Cities without landmarks
Niagara Falls, U.S./Canada
During a routine checkup, a 15-year-old patient perched on the exam table; her mother sat in a chair across from me. After posing a few opening questions, I politely asked the girl’s mother to leave so I could speak to her 15-year-old daughter alone.
A little private time is common in consultations with teens; it gives them the opportunity to be honest about various behaviors, including sexual activity, that they wouldn’t discuss in front of their parents. CDC statistics show a third of girls in the U.S. are sexually active by age 15, so these talks can make the difference between a teenage girl staying healthy by practicing safe sex, and becoming a star on the next season of “16 and Pregnant.”
The MTV show has generated a lot of controversy because of the way the mothers and mothers-to-be on the program behaved after they’d decided to have a child. But, for a pediatrician like me, the show raises a different question: Did these young women have the chance to talk privately with their doctors before MTV started shooting their second trimester?
In every state, including California where I practice, adolescents are legally entitled to some level of confidentiality when it comes to issues related to sexual activity. And it’s because of these privacy laws that I’ve been able to talk to patients of mine about practicing safe sex, learn that girls I’m treating are pregnant and want an abortion, and prescribe antibiotics for sexually transmitted diseases (STDs).
This confidentiality plays a vital role in keeping teens healthy. Research shows that a significant number of adolescents would stop using birth control pills and skip out on STD-testing if their parents had to be informed, though only 1 percent would stop having sexual intercourse. A study of Texas policies that require parental consent for state-funded family planning and increased reporting of adolescent sexual activity estimated that the resulting increase in teen pregnancies and STDs could be costing the public as much as $44 million annually. When an economist in Illinois examined the effects of one county’s decision to implement a parental consent requirement for contraception, she found an increase in the relative proportion of births to females under age 19 in the area as compared to nearby counties with similar racial and economic profiles but no restrictions on minors’ access to contraception.
The legal protections and health benefits should make treating teens straightforward. But in practice it’s complicated, challenging and often messy. Parents are usually the first obstacle when it comes to confidential consultations; many are determined to stick to their child’s side throughout the visit. For example, my 15-year-old patient’s mother did leave the room but I later discovered she had her ear pressed up against the door the entire time her daughter and I were having our “private” conversation.
Studies show that many parents don’t know about teen privacy rights. And they’re often not thrilled when they find out. One mother cut an appointment short when I told her why she needed to leave the exam room (“It’s not so I can learn all of his dirty secrets — it just allows me to take the best care of him that I can,” I tried to explain). After directing a few choice expletives at me and my staff, she dragged her son out of the office.
The culture wars also complicate our ability to treat teenage patients, especially when it comes to abortion. Some states have general statutes that allow minors of a certain age to consent to medical or surgical care on their own, but they usually make an exception for abortion. In order to get that particular procedure without parental consent, a minor often has to get judicial permission. (While judges in some states, like Massachusetts, routinely grant permission, there are some judges in other states, like Alabama, particularly Alabama, who have never OK’d the procedure for any girl, no matter how close she is to her 18th birthday.)
The HPV vaccine is another instance where I often see ideology impinging on adolescent health. The vaccine, which is designed to prevent an STD infection that can cause cervical cancer, is offered to girls starting at age 11. Yet, echoing a talking point from the hard right, I’ve had some parents who won’t let their daughters get the vaccine because they view it as a “permission slip” for their children to have sex.

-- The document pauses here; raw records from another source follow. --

definition stably_computes :: "'a crn \<Rightarrow> nat \<Rightarrow> ((nat \<Rightarrow> nat) \<Rightarrow> nat) \<Rightarrow> bool" where
  "stably_computes N d f \<longleftrightarrow>
     (\<forall>x \<in> natvec d. \<forall>C. reachable N (init_config N d x) C \<longrightarrow>
        (\<exists>E. reachable N C E \<and> stable_config N E \<and> E (outp N) = f x))"

definition output_oblivious :: "'a crn \<Rightarrow> bool" where
  "output_oblivious N \<longleftrightarrow> (\<forall>(R, P) \<in> reactions N. R (outp N) = 0)"

definition obliviously_computes :: "'a crn \<Rightarrow> nat \<Rightarrow> ((nat \<Rightarrow> nat) \<Rightarrow> nat) \<Rightarrow> bool" where
  "obliviously_computes N d f \<longleftrightarrow> wf_crn N d \<and> output_oblivious N \<and> stably_computes N d f"

end

theory Submission
  imports Defs Complex_Main
begin

(* An output-oblivious CRN can never consume Y, so the output count only grows,
   and adding molecules to a configuration never disables a run.  Run the CRN from the
   inputs a_i to configurations O_i with exactly f(a_i) copies of Y.  By Dickson's lemma
   O_i <= O_j for some i < j.  Adding the input D and completing the computation from
   O_i + D produces f(a_i + D) - f(a_i) new copies of Y; replaying that run from
   O_j + D = (O_i + D) + (O_j - O_i) produces just as many, and since they are never
   consumed, f(a_j + D) - f(a_j) >= f(a_i + D) - f(a_i), contradicting the choice of D. *)

lemma wellorder_incseq_subseq:
  fixes h :: "nat \<Rightarrow> 'b::wellorder"
  shows "\<exists>\<psi>. strict_mono \<psi> \<and> incseq (\<lambda>n. h (\<psi> n))"
proof -
  obtain \<sigma> where \<sigma>: "strict_mono \<sigma>" and "monoseq (\<lambda>n. h (\<sigma> n))"
    using seq_monosub by blast
  then consider "incseq (\<lambda>n. h (\<sigma> n))" | "decseq (\<lambda>n. h (\<sigma> n))"
    using monoseq_iff by blast
  then show ?thesis
  proof cases
    case 1
    with \<sigma> show ?thesis by blast
  next
    case dec: 2
    \<comment> \<open>a decreasing sequence stays at its minimum once it attains it\<close>
    obtain k where "h (\<sigma> k) = (LEAST v. v \<in> range (\<lambda>n. h (\<sigma> n)))"
      using LeastI[of "\<lambda>v. v \<in> range (\<lambda>n. h (\<sigma> n))" "h (\<sigma> 0)"] by auto
    then have k: "h (\<sigma> k) \<le> h (\<sigma> n)" for n
      using Least_le[of "\<lambda>v. v \<in> range (\<lambda>n. h (\<sigma> n))" "h (\<sigma> n)"] by simp
    have "h (\<sigma> (n + k)) = h (\<sigma> k)" for n
      using dec k[of "n + k"] unfolding decseq_def by (metis antisym le_add2)
    moreover have "strict_mono (\<lambda>n. \<sigma> (n + k))"
      using \<sigma> by (simp add: strict_mono_def)
    ultimately show ?thesis
      by (intro exI[of _ "\<lambda>n. \<sigma> (n + k)"]) (simp add: incseq_def)
  qed
qed
lemma Zt_minus_tau_small: "(\<lambda>\<tau>. Zt \<tau> - \<tau>) \<in> o[at_top](\<lambda>t. t)"
proof (rule smalloI_tendsto)
  have ln_ratio: "((\<lambda>\<tau>. ln (gsum \<tau> / gd f 1 \<tau>)) \<longlongrightarrow> 0) at_top"
    using tendsto_ln[OF gsum_div_gd1_tendsto_1] by simp
  have inf: "filterlim (\<lambda>\<tau>::real. \<tau>) at_infinity at_top"
    by (rule filterlim_at_top_imp_at_infinity[OF filterlim_ident])
  have "((\<lambda>\<tau>. A / \<tau> + (\<beta> + 1) * (ln (gd f 1 \<tau>) / \<tau>) + (\<beta> + 1) * (ln (gsum \<tau> / gd f 1 \<tau>) / \<tau>))
      \<longlongrightarrow> 0 + (\<beta> + 1) * 0 + (\<beta> + 1) * 0) at_top"
    by (intro tendsto_add tendsto_mult tendsto_const ln_gd1_div_tendsto_0
        tendsto_divide_0[OF tendsto_const inf] tendsto_divide_0[OF ln_ratio inf])
  moreover have "\<forall>\<^sub>F \<tau> in at_top. A / \<tau> + (\<beta> + 1) * (ln (gd f 1 \<tau>) / \<tau>)
      + (\<beta> + 1) * (ln (gsum \<tau> / gd f 1 \<tau>) / \<tau>) = (Zt \<tau> - \<tau>) / \<tau>"
    using eventually_gd1_pos eventually_gsum_pos
    by eventually_elim (simp add: Zt_eq ln_div add_divide_distrib diff_divide_distrib algebra_simps)
  ultimately show "((\<lambda>\<tau>. (Zt \<tau> - \<tau>) / \<tau>) \<longlongrightarrow> 0) at_top"
    using tendsto_cong by force
  show "\<forall>\<^sub>F \<tau> in at_top. (\<tau>::real) \<noteq> 0"
    using eventually_gt_at_top[of 0] by (rule eventually_mono) simp
qed

lemma gd1_div_gd1_Zt_tendsto_1: "((\<lambda>\<tau>. gd f 1 \<tau> / gd f 1 (Zt \<tau>)) \<longlongrightarrow> 1) at_top"
  using gd1_ratio_shift[OF Zt_minus_tau_small] by simp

But parents and politics aren’t the only obstacles. Doctors sometimes contribute to the problem. Even for those of us who see teens regularly (I used to, up until one year ago, work parttime in a clinic for adolescents), it can be tough to keep up with the latest medical practices, legal requirements and political debates. As a result, some of us get nervous when confronted by an adolescent who needs more than a sports form signed to play high school volleyball. The situation brings up questions like “How do I prescribe birth control?” or “How do I do a pelvic exam?” that don’t arise when treating other patient age groups.
The laws present their own complications. The statutes, written in the worst legalese, are difficult to understand and interpret. Even though I keep a copy of the laws on a corkboard above my desk, I still find myself regularly asking one of my colleagues whose focus is adolescent medicine to explain certain technicalities.
Confidentiality does not cover all services a teen may receive, only sensitive ones. And mandatory notification laws trump privacy. If a teen admits to being suicidal, for example, I’m legally (and ethically) obligated to inform the parents and the psychiatrist. Yet, out of ignorance or a desire to earn a patient’s trust, many doctors falsely promise “total confidentiality.” (And, of course, in situations where a parent does have to be notified, you can imagine how likely it is for that patient to trust us — or any other doctor — with private information again.)
So how do doctors walk the tightrope of teen care? Certainly, we can do our best to keep up with developments in adolescent health public policy. We can also encourage parental education on these issues. One study showed that many more parents approved of private doctor-child consultations after they were given further information about the subject in the form of a handout or a face-to-face meeting. We should fight to keep the barriers to access low as well — allowing teens to walk in for pregnancy and STD testing, eliminating any out-of-pocket fees associated with confidential care, and giving out our email address so that teens can connect with us if they need to.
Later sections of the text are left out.